Permaculture (Pocket) Gardens: These gardens will be the initial project developed and implemented by the Regis University Center for Urban Agriculture and Nutrition. Center consultants will work with students and community members to plan and implement the gardens which will be located throughout the Aria property. Pocket gardens will be designed to promote social cohesion while producing edible landscapes, to which members of the surrounding community will have access for harvest at no charge. Produce that is not consumed by neighbors will be sold at the bi-weekly farm stand, to other commercial accounts or donated. Residents in the communities including Regis will participate together to tend and nurture the plants, thus encouraging social collaboration as well as providing additional types of fresh food.
Urban Agriculture and Gardening education: a critical aspect of a community food system is that all members of the community be engaged in planning and implementation. Our community outreach strategy is to quickly engage community members in the work of producing food. Using the Aria Denver gardens as a locus of knowledge exchange we will host workshops on sustainable and organic gardening practices with the understanding that some community members use these time honored traditions, thus allowing workshops to become opportunities for exchange of knowledge among peers.
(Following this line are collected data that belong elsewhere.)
lemma iter_goncarov_basis_ge:
  assumes "n \<le> i"
  shows "(d ^^ i) (goncarov_basis d z n) = (if i = n then [:fact n:] else 0)"
proof (cases "i = n")
  case True
  then obtain c where "(d ^^ i) (goncarov_basis d z n) = [:c:]"
    using degree_iter degree_goncarov_basis by (metis degree_eq_zeroE diff_self_eq_0)
  then show ?thesis
    using poly_iter_goncarov_basis[of i z n] True by simp
qed (use assms iter_eq_0 degree_goncarov_basis in simp)

lemma iter_goncarov_basis:
  assumes "k \<le> n"
  shows "(d ^^ k) (goncarov_basis d z n) =
           smult (fact n / fact (n - k)) (goncarov_basis d (grid_shift k z) (n - k))"
proof -
  define s :: 'a where "s = fact (n - k) / fact n"
  have "is_goncarov_poly d (grid_shift k z) (n - k) (smult s ((d ^^ k) (goncarov_basis d z n)))"
    unfolding is_goncarov_poly_def
  proof (intro conjI allI)
    show "degree (smult s ((d ^^ k) (goncarov_basis d z n))) = n - k"
      by (simp add: s_def degree_iter degree_goncarov_basis)
    fix i
    have "(d ^^ i) ((d ^^ k) p) = (d ^^ (i + k)) p" for p
      by (simp add: funpow_add)
    then show "poly ((d ^^ i) (smult s ((d ^^ k) (goncarov_basis d z n)))) (grid_shift k z i) =
        (if i = n - k then fact (n - k) else 0)"
      using assms poly_iter_goncarov_basis[of "i + k" z n]
      by (auto simp: iter_smult grid_shift_def s_def)
  qed
  then show ?thesis
    by (simp add: goncarov_basis_eqI s_def)
qed
(* The determinant of $\mathbf T$ satisfies $$\det(\mathbf T)=\pm\,\beta_{-b}^{\binom{a+b-1}{a-1}}\,\beta_a^{\binom{a+b-1}{a}}$$ for some sign $\pm$; moreover exactly one bijection $\pi$ of the set of $a$-subsets of $[-b,a-1]$ to itself satisfies $\mathbf T[I,\pi(I)]\neq0$ for all $I$ whenever $\beta_{-b}\beta_a\ne0$, namely $\pi(I)=(I\cup\{a\})\setminus\{-b\}-1$ if $-b\in I$ and $\pi(I)=I-1$ if $-b\notin I$.
   Context: Let $S$ be a finite set of integers with $a:=\max S\ge 1$ and $b:=-\min S\ge 1$. Each $s\in S$ carries a weight $\omega_s$ in a field $K$ of characteristic $0$; set $\omega_s:=0$ for $s\in\mathbb Z\setminus S$, and for $s\in\mathbb Z$ put $\beta_s:=\delta_{s,0}-\omega_s$. Notation: $[m,n]:=\{i\in\mathbb Z: m\le i\le n\}$, $X+c:=\{x+c:x\in X\}$ (and $X-c:=X+(-c)$); an $n$-subset is a subset of cardinality $n$. For a finite set $I\subseteq\mathbb Z$ and $s\in\mathbb Z$, $\epsilon_s(I):=(-1)^{\#\{i\in I:\ i<s\}}$. $\mathbf T$ is the square matrix with rows and columns indexed by the $a$-subsets of $[-b,a-1]$ and entries $\mathbf T[I,J]:=\epsilon_s(I)\beta_s$ if there is an integer $s$ with $I\cup\{a\}=(J+1)\cup\{s\}$ (such $s$ is then unique), and $\mathbf T[I,J]:=0$ otherwise. *)

theory Defs
  imports "HOL-Combinatorics.Permutations"
begin

definition beta :: "(int \<Rightarrow> 'k::field_char_0) \<Rightarrow> int \<Rightarrow> 'k" where
  "beta \<omega> s = (if s = 0 then 1 else 0) - \<omega> s"

definition asubsets :: "int \<Rightarrow> int \<Rightarrow> int set set" where
  "asubsets a b = {I. I \<subseteq> {-b..a-1} \<and> card I = nat a}"

definition shift :: "int set \<Rightarrow> int \<Rightarrow> int set" where
  "shift X c = (\<lambda>x. x + c) ` X"

definition eps :: "int \<Rightarrow> int set \<Rightarrow> 'k::field_char_0" where
  "eps s I = (-1) ^ card {i \<in> I. i < s}"

definition Tmat :: "(int \<Rightarrow> 'k::field_char_0) \<Rightarrow> int \<Rightarrow> int set \<Rightarrow> int set \<Rightarrow> 'k" where
  "Tmat \<omega> a I J =
     (if \<exists>s. I \<union> {a} = shift J 1 \<union> {s}
      then (let s = (THE s. I \<union> {a} = shift J 1 \<union> {s}) in eps s I * beta \<omega> s)
      else 0)"

definition det_on :: "'i set \<Rightarrow> ('i \<Rightarrow> 'i \<Rightarrow> 'k::comm_ring_1) \<Rightarrow> 'k" where
  "det_on X M = (\<Sum>p \<in> {p. p permutes X}. of_int (sign p) * (\<Prod>i\<in>X. M i (p i)))"

end

theory Submission
  imports Defs
begin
Our education programs will utilize a train the trainer strategy focused on helping to develop community capacity to sustain access to healthy foods, produce opportunities for entrepreneurial endeavors and generate new advances in urban agricultural practices. So now we return to the question: How can we create more reliable and equitable linkages between healthy, sustainably grown foods and residential development?
Community Food System where all members of the community are viewed as having the potential to bring positive value to urban food production, addressing issues of production and consumption, community members are not simply recipients of “good food” but become actors who are essential to the sustainability and regeneration of local, organic community based food systems over time. The types of activities and education that will take place in the Aria gardens impact community health, ecosystem health and social cohesion, lastly it is the community scale nature of the effort that will help to build community resilience with regards to food.
In this partnership, Aria Denver transcends the typical understanding of housing development and moves us toward a model of urban infill and new development that bring a different type of value to older established communities that have been historically marginalized.